Post # 1
An entire family of 5 didn’t show up to my wedding. I was thinking of sending them an email asking if everything is okay, and write that I’m sorry we didn’t get to celebrate with them at our wedding. But I don’t want to make any etiquette mistakes, and since I don’t know them at all (they’re from my husband’s family) I’m wondering if that might be too forward of me. How did the other bees handle this?
Post # 3
@likewoah: If you don’t know them, I wouldn’t say anything. I would definitely follow up with my own friends/family, though. Maybe your husband could send them a message?
Post # 4
Some people might say it’s rude, but if they have a legit excuse they’ll tell you. And if not, they should have to feel some awkwardness and apologize or something. They deserve it.
Post # 5
@Pinkmoon: I agree with this, but maybe have your husband follow up instead, since they’re from his side.

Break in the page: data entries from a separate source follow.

(* Let $K,M,N_c,N_g,Q$ be positive integers with $N_g\le N_c$, let $\rho_{tr}>0$, and for each $k\in\{0,\dots,K-1\}$ let $\boldsymbol{\Omega}_k\in\mathbb{R}^{M\times N_g}$ have non-negative entries, let $\phi_k\in\{0,\dots,QN_c-1\}$, and let $\varrho_k(\cdot)$ be a real-valued function on the integers. Define $\bar{\boldsymbol{\Omega}}_{k}=[\boldsymbol{\Omega}_k\ \ \mathbf{0}_{M\times(N_c-N_g)}]$ and, for integers $n$, $\boldsymbol{\Omega}_{k'}^{n}=\bar{\boldsymbol{\Omega}}_{k'}\boldsymbol{\Pi}_{N_c}^{n}\mathbf{I}_{N_c\times N_g}$. Write $d_{k',k}=\lfloor\phi_{k'}/Q\rfloor-\lfloor\phi_k/Q\rfloor$ and $$D_{k,i,j}=\sum_{k'=0}^{K-1}\delta\big(\langle\phi_{k'}\rangle_Q-\langle\phi_k\rangle_Q\big)\,[\boldsymbol{\Omega}_{k'}^{d_{k',k}}]_{i,j}+\frac{1}{\rho_{tr}Q}.$$ Define $$\epsilon^{CE}_{(Q)}=\sum_{k=0}^{K-1}\sum_{i=0}^{M-1}\sum_{j=0}^{N_g-1}\left\{[\boldsymbol{\Omega}_k]_{i,j}-\frac{[\boldsymbol{\Omega}_k]_{i,j}^2}{D_{k,i,j}}\right\},\qquad \epsilon^{CP}_{(Q)}(\Delta_\ell)=\sum_{k=0}^{K-1}\sum_{i=0}^{M-1}\sum_{j=0}^{N_g-1}\left\{[\boldsymbol{\Omega}_k]_{i,j}-\frac{\varrho_k^2(\Delta_\ell)[\boldsymbol{\Omega}_k]_{i,j}^2}{D_{k,i,j}}\right\}.$$ Then $$\epsilon^{CE}_{(Q)}\ge\varepsilon^{CE}_{(Q)}=\sum_{k,i,j}\left\{[\boldsymbol{\Omega}_k]_{i,j}-\frac{[\boldsymbol{\Omega}_k]_{i,j}^2}{[\boldsymbol{\Omega}_k]_{i,j}+\frac{1}{\rho_{tr}Q}}\right\},$$ and for every integer $\Delta_\ell$, $$\epsilon^{CP}_{(Q)}(\Delta_\ell)\ge\varepsilon^{CP}_{(Q)}(\Delta_\ell)=\sum_{k,i,j}\left\{[\boldsymbol{\Omega}_k]_{i,j}-\frac{\varrho_k^2(\Delta_\ell)[\boldsymbol{\Omega}_k]_{i,j}^2}{[\boldsymbol{\Omega}_k]_{i,j}+\frac{1}{\rho_{tr}Q}}\right\}$$ (sums over $k\in\{0,\dots,K-1\}$, $i\in\{0,\dots,M-1\}$, $j\in\{0,\dots,N_g-1\}$). Both lower bounds are achieved if, for all $k\neq k'$ with $\langle\phi_k\rangle_Q=\langle\phi_{k'}\rangle_Q$, $$\left(\bar{\boldsymbol{\Omega}}_{k}\boldsymbol{\Pi}_{N_c}^{\lfloor\phi_k/Q\rfloor}\right)\odot\left(\bar{\boldsymbol{\Omega}}_{k'}\boldsymbol{\Pi}_{N_c}^{\lfloor\phi_{k'}/Q\rfloor}\right)=\mathbf{0}.$$
   Context: Indices start at $0$. $\langle n\rangle_N$ denotes $n$ modulo $N$, $\lfloor\cdot\rfloor$ the floor. $\delta(0)=1$ and $\delta(n)=0$ for integers $n\ne0$. $\boldsymbol{\Pi}_N^{n}=\begin{bmatrix}\mathbf{0}&\mathbf{I}_{N-\langle n\rangle_N}\\ \mathbf{I}_{\langle n\rangle_N}&\mathbf{0}\end{bmatrix}$; $\mathbf{I}_{N\times G}$ is the first $G$ columns of $\mathbf{I}_N$; $\odot$ is the Hadamard product. Interpretation: adjustable phase shift pilots sent over $Q$ consecutive OFDM symbols; $\boldsymbol{\Omega}_k$ is user $k$'s angle-delay channel power matrix, $\phi_k$ its pilot phase shift, $\rho_{tr}$ the pilot SNR, $\varrho_k$ the temporal correlation function; $\epsilon^{CE}_{(Q)}$ and $\epsilon^{CP}_{(Q)}(\Delta_\ell)$ are the sum MSEs of MMSE channel estimation and prediction. *)

theory Defs
  imports Complex_Main
begin

text \<open>Matrices are represented as functions on 0-based row/column indices,
  with explicit dimension bounds.\<close>

definition kdelta :: "int \<Rightarrow> real" where
  "kdelta n = (if n = 0 then 1 else 0)"

text \<open>Permutation matrix Pi_N^n = [0, I_{N - <n>_N}; I_{<n>_N}, 0] (N x N),
  entry (r,c), written blockwise.\<close>
definition Pi_mat :: "nat \<Rightarrow> int \<Rightarrow> nat \<Rightarrow> nat \<Rightarrow> real" where
  "Pi_mat N n r c =
     (let s = nat (n mod int N) in
      if r < N - s then (if c = r + s then 1 else 0)
      else (if c + (N - s) = r then 1 else 0))"

text \<open>I_{N x G}: first G columns of I_N.\<close>
definition I_sel :: "nat \<Rightarrow> nat \<Rightarrow> real" where
  "I_sel r c = (if r = c then 1 else 0)"

definition Obar :: "nat \<Rightarrow> (nat \<Rightarrow> nat \<Rightarrow> real) \<Rightarrow> nat \<Rightarrow> nat \<Rightarrow> real" where
  "Obar Ng A i c = (if c < Ng then A i c else 0)"

definition Obar_Pi :: "nat \<Rightarrow> nat \<Rightarrow> (nat \<Rightarrow> nat \<Rightarrow> real) \<Rightarrow> int \<Rightarrow> nat \<Rightarrow> nat \<Rightarrow> real" where
  "Obar_Pi Nc Ng A n i c = (\<Sum>r<Nc. Obar Ng A i r * Pi_mat Nc n r c)"

definition Omega_shift :: "nat \<Rightarrow> nat \<Rightarrow> (nat \<Rightarrow> nat \<Rightarrow> real) \<Rightarrow> int \<Rightarrow> nat \<Rightarrow> nat \<Rightarrow> real" where
  "Omega_shift Nc Ng A n i j = (\<Sum>c<Nc. Obar_Pi Nc Ng A n i c * I_sel c j)"

definition dshift :: "nat \<Rightarrow> (nat \<Rightarrow> nat) \<Rightarrow> nat \<Rightarrow> nat \<Rightarrow> int" where
  "dshift Q \<phi> k' k = \<lfloor>real (\<phi> k') / real Q\<rfloor> - \<lfloor>real (\<phi> k) / real Q\<rfloor>"

definition Dden :: "nat \<Rightarrow> nat \<Rightarrow> nat \<Rightarrow> nat \<Rightarrow> real \<Rightarrow> (nat \<Rightarrow> nat \<Rightarrow> nat \<Rightarrow> real)
                    \<Rightarrow> (nat \<Rightarrow> nat) \<Rightarrow> nat \<Rightarrow> nat \<Rightarrow> nat \<Rightarrow> real" where
  "Dden K Nc Ng Q \<rho> \<Omega> \<phi> k i j =
     (\<Sum>k'<K. kdelta (int (\<phi> k' mod Q) - int (\<phi> k mod Q))
               * Omega_shift Nc Ng (\<Omega> k') (dshift Q \<phi> k' k) i j)
     + 1 / (\<rho> * real Q)"

definition eps_CE :: "nat \<Rightarrow> nat \<Rightarrow> nat \<Rightarrow> nat \<Rightarrow> nat \<Rightarrow> real \<Rightarrow> (nat \<Rightarrow> nat \<Rightarrow> nat \<Rightarrow> real)
                    \<Rightarrow> (nat \<Rightarrow> nat) \<Rightarrow> real" where
  "eps_CE K M Nc Ng Q \<rho> \<Omega> \<phi> =
     (\<Sum>k<K. \<Sum>i<M. \<Sum>j<Ng. \<Omega> k i j - (\<Omega> k i j)\<^sup>2 / Dden K Nc Ng Q \<rho> \<Omega> \<phi> k i j)"

definition eps_CP :: "nat \<Rightarrow> nat \<Rightarrow> nat \<Rightarrow> nat \<Rightarrow> nat \<Rightarrow> real \<Rightarrow> (nat \<Rightarrow> nat \<Rightarrow> nat \<Rightarrow> real)
                    \<Rightarrow> (nat \<Rightarrow> nat) \<Rightarrow> (nat \<Rightarrow> int \<Rightarrow> real) \<Rightarrow> int \<Rightarrow> real" where
  "eps_CP K M Nc Ng Q \<rho> \<Omega> \<phi> \<rho>c \<Delta> =
     (\<Sum>k<K. \<Sum>i<M. \<Sum>j<Ng. \<Omega> k i j - (\<rho>c k \<Delta>)\<^sup>2 * (\<Omega> k i j)\<^sup>2 / Dden K Nc Ng Q \<rho> \<Omega> \<phi> k i j)"

definition eps_CE_lb :: "nat \<Rightarrow> nat \<Rightarrow> nat \<Rightarrow> nat \<Rightarrow> real \<Rightarrow> (nat \<Rightarrow> nat \<Rightarrow> nat \<Rightarrow> real) \<Rightarrow> real" where
  "eps_CE_lb K M Ng Q \<rho> \<Omega> =
     (\<Sum>k<K. \<Sum>i<M. \<Sum>j<Ng. \<Omega> k i j - (\<Omega> k i j)\<^sup>2 / (\<Omega> k i j + 1 / (\<rho> * real Q)))"

definition eps_CP_lb :: "nat \<Rightarrow> nat \<Rightarrow> nat \<Rightarrow> nat \<Rightarrow> real \<Rightarrow> (nat \<Rightarrow> nat \<Rightarrow> nat \<Rightarrow> real)
                       \<Rightarrow> (nat \<Rightarrow> int \<Rightarrow> real) \<Rightarrow> int \<Rightarrow> real" where
  "eps_CP_lb K M Ng Q \<rho> \<Omega> \<rho>c \<Delta> =
     (\<Sum>k<K. \<Sum>i<M. \<Sum>j<Ng. \<Omega> k i j - (\<rho>c k \<Delta>)\<^sup>2 * (\<Omega> k i j)\<^sup>2 / (\<Omega> k i j + 1 / (\<rho> * real Q)))"

end

theory Submission
  imports Defs
begin

text \<open>The denominator \<open>D\<^sub>k\<^sub>,\<^sub>i\<^sub>,\<^sub>j\<close> is the user's own power \<open>[\<Omega>\<^sub>k]\<^sub>i\<^sub>,\<^sub>j\<close> plus the noise term
  \<open>1/(\<rho>\<^sub>t\<^sub>r Q)\<close> plus a nonnegative interference from the other users in the same phase
  class modulo \<open>Q\<close>; since \<open>x - w x\<^sup>2 / D\<close> increases with \<open>D\<close>, dropping the interference gives
  the lower bounds. As \<open>\<Pi>\<^sup>n\<close> is a cyclic column shift, the product of \<open>[\<Omega>\<^sub>k]\<^sub>i\<^sub>,\<^sub>j\<close> with the
  interference of user \<open>k'\<close> is a product of two entries, in the same column, of the
  two matrices appearing in the orthogonality condition, which
  makes it vanish, so the interference is zero wherever it matters and the bounds are
  attained.\<close>

lemma cyclic_shift_iff:
  fixes N r c :: nat and s :: int
  assumes "r < N" "c < N" "0 \<le> s" "s < int N"
  shows "(if r < N - nat s then c = r + nat s else c + (N - nat s) = r)
         \<longleftrightarrow> int r = (int c - s) mod int N"
proof (cases "s \<le> int c")
  case True
  then have "(int c - s) mod int N = int c - s"
    using assms by (intro mod_pos_pos_trivial) auto
  then show ?thesis using assms True by auto
next
  case False
  have "(int c - s) mod int N = (int c - s + int N) mod int N" by simp
  also have "\<dots> = int c - s + int N"
    using assms False by (intro mod_pos_pos_trivial) auto
  finally show ?thesis using assms False by auto
qed

lemma Pi_mat_eq:
  assumes "r < N" "c < N"
  shows "Pi_mat N n r c = (if r = nat ((int c - n) mod int N) then 1 else 0)"
proof -
  define s where "s = n mod int N"
  have s: "0 \<le> s" "s < int N" using assms by (auto simp: s_def)
  have shift: "(int c - s) mod int N = (int c - n) mod int N"
    unfolding s_def by (simp add: mod_diff_right_eq)
  have "0 \<le> (int c - n) mod int N" using assms by simp
  then have "r = nat ((int c - n) mod int N) \<longleftrightarrow> int r = (int c - n) mod int N" by auto
  moreover have "Pi_mat N n r c
      = (if (if r < N - nat s then c = r + nat s else c + (N - nat s) = r) then 1 else 0)"
    unfolding Pi_mat_def Let_def s_def[symmetric] by simp
  ultimately show ?thesis
    unfolding cyclic_shift_iff[OF assms s] shift by simp
qed

lemma Obar_Pi_eq:
  assumes "c < N"
  shows "Obar_Pi N Ng A n i c = Obar Ng A i (nat ((int c - n) mod int N))"
proof -
  let ?r = "nat ((int c - n) mod int N)"
  have "?r < N" using assms by (simp add: nat_less_iff)
  moreover have "Obar_Pi N Ng A n i c = (\<Sum>r<N. if r = ?r then Obar Ng A i r else 0)"
    unfolding Obar_Pi_def by (rule sum.cong) (auto simp: Pi_mat_eq assms)
  ultimately show ?thesis by simp
qed

lemma Omega_shift_eq:
  assumes "j < N"
  shows "Omega_shift N Ng A n i j = Obar Ng A i (nat ((int j - n) mod int N))"
proof -
  have "Omega_shift N Ng A n i j = (\<Sum>c<N. if c = j then Obar_Pi N Ng A n i c else 0)"
    unfolding Omega_shift_def I_sel_def by (rule sum.cong) auto
  then show ?thesis using assms by (simp add: Obar_Pi_eq)
qed

lemma Omega_shift_zero:
  assumes "j < Ng" "Ng \<le> N"
  shows "Omega_shift N Ng A 0 i j = A i j"
  using assms by (simp add: Omega_shift_eq Obar_def)

lemma Omega_shift_nonneg:
  assumes "\<And>j. j < Ng \<Longrightarrow> A i j \<ge> 0" "j < N"
  shows "Omega_shift N Ng A n i j \<ge> 0"
  using assms by (simp add: Omega_shift_eq Obar_def)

I think we had one no-show (that I noticed), and I knew he wasn’t going to come anyway.
Post # 6
Forgive me but if at least a week has passed, even a death in the family wouldn’t stop those I’ve invited to my wedding from at least passing on the message as to why they didn’t show up to a wedding.
People play stupid all the time but people KNOW when they’ve missed a wedding and there really isn’t an excuse to keep quiet about it. It’s either because A. They don’t give a f*ck or B. They’re rude people who just don’t think they have anything to apologize for or explain why they missed it.
@#%$%&&^*#%#$! this kind of stuff makes me SO mad.
Post # 7
@likewoah: I would have your husband email as PPs suggested. I know some may say not to do this but I really think people like this should have it pointed out to them that it’s rude to just not show and then not even send a reason. Even if they have a legit reason I think they could have found the time to let you know by now.
Post # 8
My husband doesn’t want to email them. Of course, he’s less motivated to approach them because it was MY family who paid for the catering. I decided that if rsvping and not showing didn’t induce shame, then a passive aggressive email won’t change that.
I’m going to wait until the next time we see them, which may be years but will eventually happen, and I will personally bring it up. I just can’t wrap my head around how people can be so rude!
Post # 9
Maybe they just got the weekend wrong and either haven’t realized it yet or are too embarrassed to say anything?
Post # 10
I wouldn’t. It’s over and a done deal so what will following up get you? There is no point in doing something that has no benefit. If they didn’t find your wedding important enough to attend, then it’s a probably a good thing they weren’t there.
Post # 11
If you are truly concerned about them because you haven’t heard from them and no one else has, then sure, have your husband call and check in (since you said you don’t know them). But don’t make it about your wedding. I wouldn’t even mention the wedding unless they bring it up. If they fell off the radar, they probably have other things going on.
You shouldn’t bring it up later either – it’s done. Being rude later doesn’t cancel out the fact that they didn’t follow through on their RSVP. Just let it go as long as they are okay.
Post # 12
I wouldn’t follow up at all. If you’re afraid they’re dead, that’s one thing. If you just want to know why they didn’t come to the wedding, no.
Post # 13
@likewoah: If you’re legitimately concerned for their well being and they’re the type of people to never miss anything without a heads up, then your H can send an email. But if you just want them to feel bad about missing your wedding (and this seems to be the case), then I advice not sending anything. All it would do is make them feel guilty and you feel better/superior because you pointed out their rudeness. I’d take the high road, assume the best and move one. Who knows, maybe you’ll get an email in a few weeks explaining their absence. They might not have wanted to disturb you the day before, day of, or during your HM.
Post # 14
I probably wouldn’t follow up. There’s no real way for it to come across as anything other than a guilt trip, you know?
@RunsWithBears: Agree with all of that!
Post # 15
@likewoah: I don’t see how asking someone what happened and where they were is an etiquette mistake. To me it’s a legit question and something I ask people all the time.
“Hey we went by your place of work and you weren’t there, where were you?”
“Hey I bought you lunch and you never showed, where were you?”
“Hey I paid out the ass for a gigantic party you promised to come and you weren’t there, where the fsck were you?”
Okay maybe not like that XD
Post # 16
I think it would be tacky to followup asking guests why they didn’t show up at your wedding. I wouldn’t even bother if I saw them, years later. Forget about it and move on.